Кобрисов спросил, не скрыв усмешки:
— И долго ты его… готовил?
— Видишь ли, вариант Терещенко тем и прекрасен, что его и готовить особенно не надо. Наступает каждый оттуда, где стоит. Одним словом «Вперед!» Нам бы только начать, а там попросим пополнения.
— И дадут?
— Не могут не дать, — сказал Пуртов не очень уверенно.
— Привык я, Василь Васильич, деньги считать, когда они в своем кармане. Вроде бы оно надежнее. И печальных неожиданностей не будет, а только приятные для сердца сюрпризы. В любом варианте должны мы от Предславля что-то оторвать. Я под расстрел пойду, но этого не сделаю.
Пуртов снял фуражку и держал ее у груди.
— Фотий Иваныч, мы ведь с тобой хорошо работали, правда?
— Душа в душу, Василь Васильич.
— Это лучшее, что было у меня за всю войну. Я это на любой случай тебе говорю. А за эти… варианты — извини. Я тоже на некоторую дурь имею право.
— Что-то мы разнервничались с тобой. Поднимемся ко мне, чайку попьем? Из фляжки, что нам Шестериков выставит.
— Ты ж знаешь — язва. Не хочу лишним быть за столом. И настроился я поработать. Может, что и придумаю. Тогда позвоню. А лучше — заеду.

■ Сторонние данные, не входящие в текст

lemma is_subgroup3_commutator:
  "is_subgroup3 G \<Longrightarrow> X \<in> G \<Longrightarrow> Y \<in> G \<Longrightarrow> X ** Y ** matrix_inv X ** matrix_inv Y \<in> G"
  by (simp add: is_subgroup3_mult is_subgroup3_inv)

lemma upper3_mem_det: "is_subgroup3 G \<Longrightarrow> upper3 a b c d e f \<in> G \<Longrightarrow> a * b * c = 1"
  using is_subgroup3_det det_upper3 by metis

lemma psl_gen_superset: "S \<subseteq> psl_gen S"
  unfolding psl_gen_def gen3_def by blast

lemma psl_gen_least: "psl_subgroup G \<Longrightarrow> S \<subseteq> G \<Longrightarrow> psl_gen S \<subseteq> G"
  unfolding psl_subgroup_def psl_gen_def gen3_def by blast

lemma dist_upper3_central: "dist (upper3 1 1 1 0 0 t) (mat 1) = cmod t"
  by (simp add: dist_norm mat_1_eq_upper3 upper3_diff norm_vec_def L2_set_def sum_UNIV_3)

lemma discrete_no_contracting_central:
  assumes "discrete_set G" "mat 1 \<in> G" "\<tau> \<noteq> 0" "\<rho> \<noteq> 0" "cmod \<rho> < 1"
    and mem: "\<And>k. upper3 1 1 1 0 0 (\<rho>^k * \<tau>) \<in> G"
  shows False
proof -
  obtain e where "e > 0" and e: "\<And>h. h \<in> G \<Longrightarrow> dist h (mat 1) < e \<Longrightarrow> h = mat 1"
    using assms(1,2) unfolding discrete_set_def by blast
  obtain k where k: "cmod \<rho> ^ k < e / cmod \<tau>"
    using real_arch_pow_inv[of "e / cmod \<tau>" "cmod \<rho>"] \<open>e > 0\<close> assms(3,5) by auto
  have "dist (upper3 1 1 1 0 0 (\<rho>^k * \<tau>)) (mat 1) < e"
    using k assms(3) by (simp add: dist_upper3_central norm_mult norm_power field_simps)
  then have "upper3 1 1 1 0 0 (\<rho>^k * \<tau>) = mat 1"
    using e mem by blast
  then show False
    using assms(3,4) by (simp add: mat_1_eq_upper3 upper3_eq_iff)
qed

lemma conj_iterate_commutator_mem:
  assumes G: "is_subgroup3 G" and B: "upper3 b0 b1 b2 p q s \<in> G"
    and u: "upper3 1 1 1 \<alpha> \<beta> \<gamma> \<in> G" and u': "upper3 1 1 1 \<alpha>' \<beta>' \<gamma>' \<in> G"
  shows "upper3 1 1 1 0 0 ((b0/b1)^k * \<alpha>' * \<beta> - \<alpha> * ((b1/b2)^k * \<beta>')) \<in> G"
proof -
  have "b0 \<noteq> 0" "b1 \<noteq> 0" "b2 \<noteq> 0"
    using upper3_mem_det[OF G B] by auto
  then obtain \<gamma>k where \<gamma>k: "(matrix_conj (upper3 b0 b1 b2 p q s) ^^ k) (upper3 1 1 1 \<alpha>' \<beta>' \<gamma>') =
      upper3 1 1 1 ((b0/b1)^k*\<alpha>') ((b1/b2)^k*\<beta>') \<gamma>k"
    using matrix_conj_iterate_upper3_unipotent by blast
  have "upper3 1 1 1 ((b0/b1)^k*\<alpha>') ((b1/b2)^k*\<beta>') \<gamma>k \<in> G"
    using is_subgroup3_conj_iterate[OF G B u', of k] \<gamma>k by simp
  from is_subgroup3_commutator[OF G this u] show ?thesis
    by (simp add: upper3_commutator)
qed

lemma diag_ratio_02_ge_1:
  assumes G: "is_subgroup3 G" "discrete_set G"
    and z: "upper3 1 1 1 0 0 \<tau> \<in> G" "\<tau> \<noteq> 0" and B: "upper3 b0 b1 b2 p q s \<in> G"
  shows "1 \<le> cmod (b0/b2)"
proof (rule ccontr)
  assume "\<not> 1 \<le> cmod (b0/b2)"
  have nz: "b0 \<noteq> 0" "b1 \<noteq> 0" "b2 \<noteq> 0"
    using upper3_mem_det[OF G(1) B] by auto
  show False
  proof (rule discrete_no_contracting_central[OF G(2) is_subgroup3_one[OF G(1)] z(2)])
    show "b0/b2 \<noteq> 0" "cmod (b0/b2) < 1"
      using nz \<open>\<not> 1 \<le> cmod (b0/b2)\<close> by auto
    show "upper3 1 1 1 0 0 ((b0/b2)^k * \<tau>) \<in> G" for k
      using is_subgroup3_conj_iterate[OF G(1) B z(1), of k]
      by (simp add: matrix_conj_iterate_upper3_central nz)
  qed
qed

lemma diag_ratio_12_ge_1:
  assumes G: "is_subgroup3 G" "discrete_set G"
    and u: "upper3 1 1 1 \<alpha> 0 \<gamma> \<in> G" "\<alpha> \<noteq> 0"
    and u': "upper3 1 1 1 \<alpha>' \<beta>' \<gamma>' \<in> G" "\<beta>' \<noteq> 0"
    and B: "upper3 b0 b1 b2 p q s \<in> G"
  shows "1 \<le> cmod (b1/b2)"
proof (rule ccontr)
  assume "\<not> 1 \<le> cmod (b1/b2)"
  show False
  proof (rule discrete_no_contracting_central[OF G(2) is_subgroup3_one[OF G(1)]])
    show "- \<alpha> * \<beta>' \<noteq> 0" "b1/b2 \<noteq> 0" "cmod (b1/b2) < 1"
      using u(2) u'(2) upper3_mem_det[OF G(1) B] \<open>\<not> 1 \<le> cmod (b1/b2)\<close> by auto
    show "upper3 1 1 1 0 0 ((b1/b2)^k * (- \<alpha> * \<beta>')) \<in> G" for k
      using conj_iterate_commutator_mem[OF G(1) B u(1) u'(1), of k] by (simp add: algebra_simps)
  qed
qed

lemma diag_ratio_01_ge_1:
  assumes G: "is_subgroup3 G" "discrete_set G"
    and u: "upper3 1 1 1 0 \<beta> \<gamma> \<in> G" "\<beta> \<noteq> 0"
    and u': "upper3 1 1 1 \<alpha>' \<beta>' \<gamma>' \<in> G" "\<alpha>' \<noteq> 0"
    and B: "upper3 b0 b1 b2 p q s \<in> G"
  shows "1 \<le> cmod (b0/b1)"
proof (rule ccontr)
  assume "\<not> 1 \<le> cmod (b0/b1)"
  show False
  proof (rule discrete_no_contracting_central[OF G(2) is_subgroup3_one[OF G(1)]])
    show "\<alpha>' * \<beta> \<noteq> 0" "b0/b1 \<noteq> 0" "cmod (b0/b1) < 1"
      using u(2) u'(2) upper3_mem_det[OF G(1) B] \<open>\<not> 1 \<le> cmod (b0/b1)\<close> by auto
    show "upper3 1 1 1 0 0 ((b0/b1)^k * (\<alpha>' * \<beta>)) \<in> G" for k
      using conj_iterate_commutator_mem[OF G(1) B u(1) u'(1), of k] by (simp add: algebra_simps)
  qed
qed

lemma norm_eq_of_ratios_ge_1:
  fixes x y :: "'a::real_normed_field"
  assumes "1 \<le> norm (x/y)" "1 \<le> norm (y/x)"
  shows "norm x = norm y"
  using assms by (cases "x = 0 \<or> y = 0") (auto simp: norm_divide field_simps)

lemma unipotent_pair_imp_unimodular_diag:
  assumes G: "is_subgroup3 G" "discrete_set G"
    and u: "upper3 1 1 1 \<alpha> \<beta> \<gamma> \<in> G" and u': "upper3 1 1 1 \<alpha>' \<beta>' \<gamma>' \<in> G"
    and "\<alpha> * \<beta> = 0" and nc: "\<alpha> * \<beta>' \<noteq> \<alpha>' * \<beta>"
    and A: "upper3 a0 a1 a2 p q s \<in> G"
  shows "cmod a0 = 1 \<and> cmod a1 = 1 \<and> cmod a2 = 1"
proof -
  have det: "a0 * a1 * a2 = 1"
    using upper3_mem_det[OF G(1) A] .
  then have "a0 \<noteq> 0" "a1 \<noteq> 0" "a2 \<noteq> 0"
    by auto
  then have A': "upper3 (1/a0) (1/a1) (1/a2) (-p/(a0*a1)) (-q/(a1*a2)) ((p*q - s*a1)/(a0*a1*a2)) \<in> G"
    using is_subgroup3_inv[OF G(1) A] by (simp add: matrix_inv_upper3)
  have "upper3 1 1 1 0 0 (\<alpha>*\<beta>' - \<alpha>'*\<beta>) \<in> G"
    using is_subgroup3_commutator[OF G(1) u u'] by (simp add: upper3_commutator)
  then have "cmod a0 = cmod a2"
    using diag_ratio_02_ge_1[OF G _ _ A] diag_ratio_02_ge_1[OF G _ _ A'] nc
    by (intro norm_eq_of_ratios_ge_1) auto
  moreover have "cmod a1 = cmod a2 \<or> cmod a0 = cmod a1"
  proof (cases "\<beta> = 0")
    case True
    then have "upper3 1 1 1 \<alpha> 0 \<gamma> \<in> G" "\<alpha> \<noteq> 0" "\<beta>' \<noteq> 0"
      using u nc by auto
    then have "cmod a1 = cmod a2"
      using diag_ratio_12_ge_1[OF G _ _ u' _ A] diag_ratio_12_ge_1[OF G _ _ u' _ A']
      by (intro norm_eq_of_ratios_ge_1) auto
    then show ?thesis ..
  next
    case False
    then have "upper3 1 1 1 0 \<beta> \<gamma> \<in> G" "\<alpha>' \<noteq> 0"
      using u nc \<open>\<alpha> * \<beta> = 0\<close> by auto
    then have "cmod a0 = cmod a1"
      using diag_ratio_01_ge_1[OF G _ \<open>\<beta> \<noteq> 0\<close> u' _ A] diag_ratio_01_ge_1[OF G _ \<open>\<beta> \<noteq> 0\<close> u' _ A']
      by (intro norm_eq_of_ratios_ge_1) auto
    then show ?thesis ..
  qed
  ultimately have eq: "cmod a1 = cmod a0" "cmod a2 = cmod a0"
    by auto
  have "cmod a0 ^ 3 = cmod (a0 * a1 * a2)"
    by (simp add: norm_mult eq power3_eq_cube)
  then have "cmod a0 ^ 3 = 1 ^ 3"
    by (simp add: det)
  then have "cmod a0 = 1"
    by (rule power_eq_imp_eq_base) simp_all
  then show ?thesis
    by (simp add: eq)
qed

Кобрисов, провожая его, знал, что не позвонит он и не заедет. Потому что придумать тут нечего. Но был он благодарен Пуртову за визит, за добрые слова, хотя никто третий их не слышал…
…Ватутин дал ему лишних два часа. Позвонив из Ольховатки, он ни о чем не спросил, он сказал:
— Поговорил я тут со Ставкой. Они согласились с моей оценкой, что поработал ты хорошо и сделал много, но — перенапрягся, нуждаешься отдохнуть в санатории, побыть с семьей. Так, недельки три. В общем, особенно мучить тебя не будут, только доложишься по приезде.
«Значит, и расспрашивать не будут», — подумал Кобрисов.
— Спасибо за вашу заботу, Николай Федорович.